Challenges at the Lithium Anode and Composite Cathode in All-Solid-State Batteries

Solid-state batteries using a lithium metal anode and a ceramic electrolyte promise to improve cell energy densities. However, cycling such cells at practical current densities and practical stack pressures often leads to cell failure. Much attention has been devoted to understanding the formation of voids on discharge (stripping lithium) and to dendrite penetration on charging (plating lithium). Both play an important role in the failure and will be discussed. Recently, we have considered contouring the Li/electrolyte interface as a strategy to mitigate dendrite formation. While a contoured interface can provide a higher surface area, inhomogeneous pressures and plating currents can limit improvements in the critical current density for dendrite formation.

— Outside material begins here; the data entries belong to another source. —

text \<open>Short range: while \<open>s\<theta> \<le> 1\<close> we simply use \<open>\<bar>sin x\<bar> \<le> x\<close> and \<open>D s \<le> 1/s\<close>.\<close>
lemma weighted_sin_sum_short:
  fixes \<theta> :: real and D :: "nat \<Rightarrow> real"
  assumes \<theta>: "0 < \<theta>" and m: "real m * \<theta> \<le> 1"
    and D0: "\<And>s. 1 \<le> s \<Longrightarrow> s \<le> m \<Longrightarrow> 0 \<le> D s"
    and D1: "\<And>s. 1 \<le> s \<Longrightarrow> s \<le> m \<Longrightarrow> D s \<le> 1 / real s"
  shows "\<bar>\<Sum>s=1..m. D s * sin ((real s + 1/2) * \<theta>)\<bar> \<le> 3/2"
proof -
  have "\<bar>\<Sum>s=1..m. D s * sin ((real s + 1/2) * \<theta>)\<bar> \<le> (\<Sum>s=1..m. \<bar>D s * sin ((real s + 1/2) * \<theta>)\<bar>)"
    by (rule sum_abs)
  also have "\<dots> \<le> (\<Sum>s=1..m. 3/2 * \<theta>)"
  proof (rule sum_mono)
    fix s assume s: "s \<in> {1..m}"
    then have Ds: "0 \<le> D s" "D s \<le> 1 / real s" using D0 D1 by auto
    moreover have "\<bar>sin ((real s + 1/2) * \<theta>)\<bar> \<le> (real s + 1/2) * \<theta>"
      using abs_sin_x_le_abs_x[of "(real s + 1/2) * \<theta>"] \<theta> by simp
    ultimately have "\<bar>D s * sin ((real s + 1/2) * \<theta>)\<bar> \<le> 1 / real s * ((real s + 1/2) * \<theta>)"
      unfolding abs_mult by (intro mult_mono) auto
    also have "\<dots> = (1 + 1 / (2 * real s)) * \<theta>" using s by (simp add: field_simps)
    also have "\<dots> \<le> 3/2 * \<theta>" using s \<theta> by (intro mult_right_mono) (auto simp: field_simps)
    finally show "\<bar>D s * sin ((real s + 1/2) * \<theta>)\<bar> \<le> 3/2 * \<theta>" .
  qed
  also have "\<dots> = 3/2 * (real m * \<theta>)" by simp
  also have "\<dots> \<le> 3/2" using m by (simp add: mult.commute)
  finally show ?thesis .
qed

text \<open>Long range: once \<open>(m+1)\<theta> > 1\<close>, Abel summation against the bounded partial
  sums of \<open>sin((s+1/2)\<theta>)\<close> gives \<open>(\<pi>/\<theta>) D(m+1) \<le> \<pi>\<close>.\<close>
lemma weighted_sin_sum_tail:
  fixes \<theta> :: real and D :: "nat \<Rightarrow> real"
  assumes \<theta>: "0 < \<theta>" "\<theta> \<le> pi" and m: "1 < (real m + 1) * \<theta>"
    and D0: "\<And>s. Suc m \<le> s \<Longrightarrow> s \<le> Suc m + n \<Longrightarrow> 0 \<le> D s"
    and D1: "D (Suc m) \<le> 1 / (real m + 1)"
    and Dm: "\<And>s. Suc m \<le> s \<Longrightarrow> s < Suc m + n \<Longrightarrow> D (Suc s) \<le> D s"
  shows "\<bar>\<Sum>s=Suc m..Suc m + n. D s * sin ((real s + 1/2) * \<theta>)\<bar> \<le> pi"
proof -
  have "\<bar>\<Sum>s=Suc m..Suc m + n. D s * sin ((real s + 1/2) * \<theta>)\<bar> \<le> pi / \<theta> * D (Suc m)"
    using D0 Dm sin_partial_bound[OF \<theta>] by (intro abel_bound) auto
  also have "\<dots> \<le> pi / \<theta> * (1 / (real m + 1))"
    using D1 \<theta> by (intro mult_left_mono) auto
  also have "\<dots> = pi / ((real m + 1) * \<theta>)" by simp
  also have "\<dots> \<le> pi / 1" using m \<theta> pi_gt_zero by (intro divide_left_mono) auto
  finally show ?thesis by simp
qed

text \<open>Sums \<open>\<Sum>\<^sub>s D(s) sin((s+1/2)\<theta>)\<close> with nonnegative, nonincreasing weights
  \<open>D(s) \<le> 1/s\<close> are bounded uniformly in \<open>\<theta>\<close> and the length: split at \<open>s \<approx> 1/\<theta>\<close>.\<close>
lemma weighted_sin_sum_bound:
  fixes \<theta> :: real and D :: "nat \<Rightarrow> real"
  assumes \<theta>: "0 < \<theta>" "\<theta> \<le> pi"
  and D0: "\<And>s. 1 \<le> s \<Longrightarrow> s \<le> M \<Longrightarrow> 0 \<le> D s"
  and D1: "\<And>s. 1 \<le> s \<Longrightarrow> s \<le> M \<Longrightarrow> D s \<le> 1 / real s"
  and Dm: "\<And>s. 1 \<le> s \<Longrightarrow> s < M \<Longrightarrow> D (Suc s) \<le> D s"
  shows "\<bar>\<Sum>s=1..M. D s * sin ((real s + 1/2) * \<theta>)\<bar> \<le> 3/2 + pi"
proof -
  define m where "m = nat \<lfloor>1 / \<theta>\<rfloor>"
  have rm: "real m = of_int \<lfloor>1 / \<theta>\<rfloor>" unfolding m_def using \<theta> by simp
  have "real m \<le> 1 / \<theta>" unfolding rm by (rule of_int_floor_le)
  then have m1: "real m * \<theta> \<le> 1" using \<theta> by (simp add: field_simps)
  have "1 / \<theta> < real m + 1" unfolding rm using floor_correct[of "1 / \<theta>"] by simp
  then have m2: "1 < (real m + 1) * \<theta>" using \<theta> by (simp add: field_simps)
  show ?thesis
  proof (cases "M \<le> m")
    case True
    have "real M * \<theta> \<le> 1" using True \<theta> m1 by (meson mult_right_mono of_nat_le_iff order.trans less_imp_le)
    then have "\<bar>\<Sum>s=1..M. D s * sin ((real s + 1/2) * \<theta>)\<bar> \<le> 3/2"
      using \<theta> D0 D1 by (intro weighted_sin_sum_short) auto
    then show ?thesis using pi_gt_zero by linarith
  next
    case False
    define n where "n = M - Suc m"
    have Mn: "M = Suc m + n" using False n_def by simp
    have "(\<Sum>s=1..M. D s * sin ((real s + 1/2) * \<theta>)) =
       (\<Sum>s=1..m. D s * sin ((real s + 1/2) * \<theta>)) + (\<Sum>s=Suc m..Suc m + n. D s * sin ((real s + 1/2) * \<theta>))"
      unfolding Mn using sum.ub_add_nat[of 1 m "\<lambda>s. D s * sin ((real s + 1/2) * \<theta>)" "Suc n"] by simp
    moreover have "\<bar>\<Sum>s=1..m. D s * sin ((real s + 1/2) * \<theta>)\<bar> \<le> 3/2"
      using \<theta> m1 D0 D1 Mn by (intro weighted_sin_sum_short) auto
    moreover have "\<bar>\<Sum>s=Suc m..Suc m + n. D s * sin ((real s + 1/2) * \<theta>)\<bar> \<le> pi"
      using \<theta> m2 D0 Dm Mn D1[of "Suc m"] by (intro weighted_sin_sum_tail) (auto simp: add.commute)
    ultimately show ?thesis by linarith
  qed
qed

The composite cathode presents at least as great a challenge as the lithium anode. Highly conducting solid electrolytes are required in the cathode to achieve high capacities at practical rates. Sulphide based solid electrolytes can do so but they suffer from low oxidative stability. This generally requires that the cathode active material (e.g., NMC811) be coated, to avoid deleterious oxidative decomposition reactions with the solid electrolyte, but these coatings add cost and complexity to manufacture. The reactions occurring in the composite cathode at the various interfaces with the cathode active material and the carbon’s requirement for good electronic transport will be considered.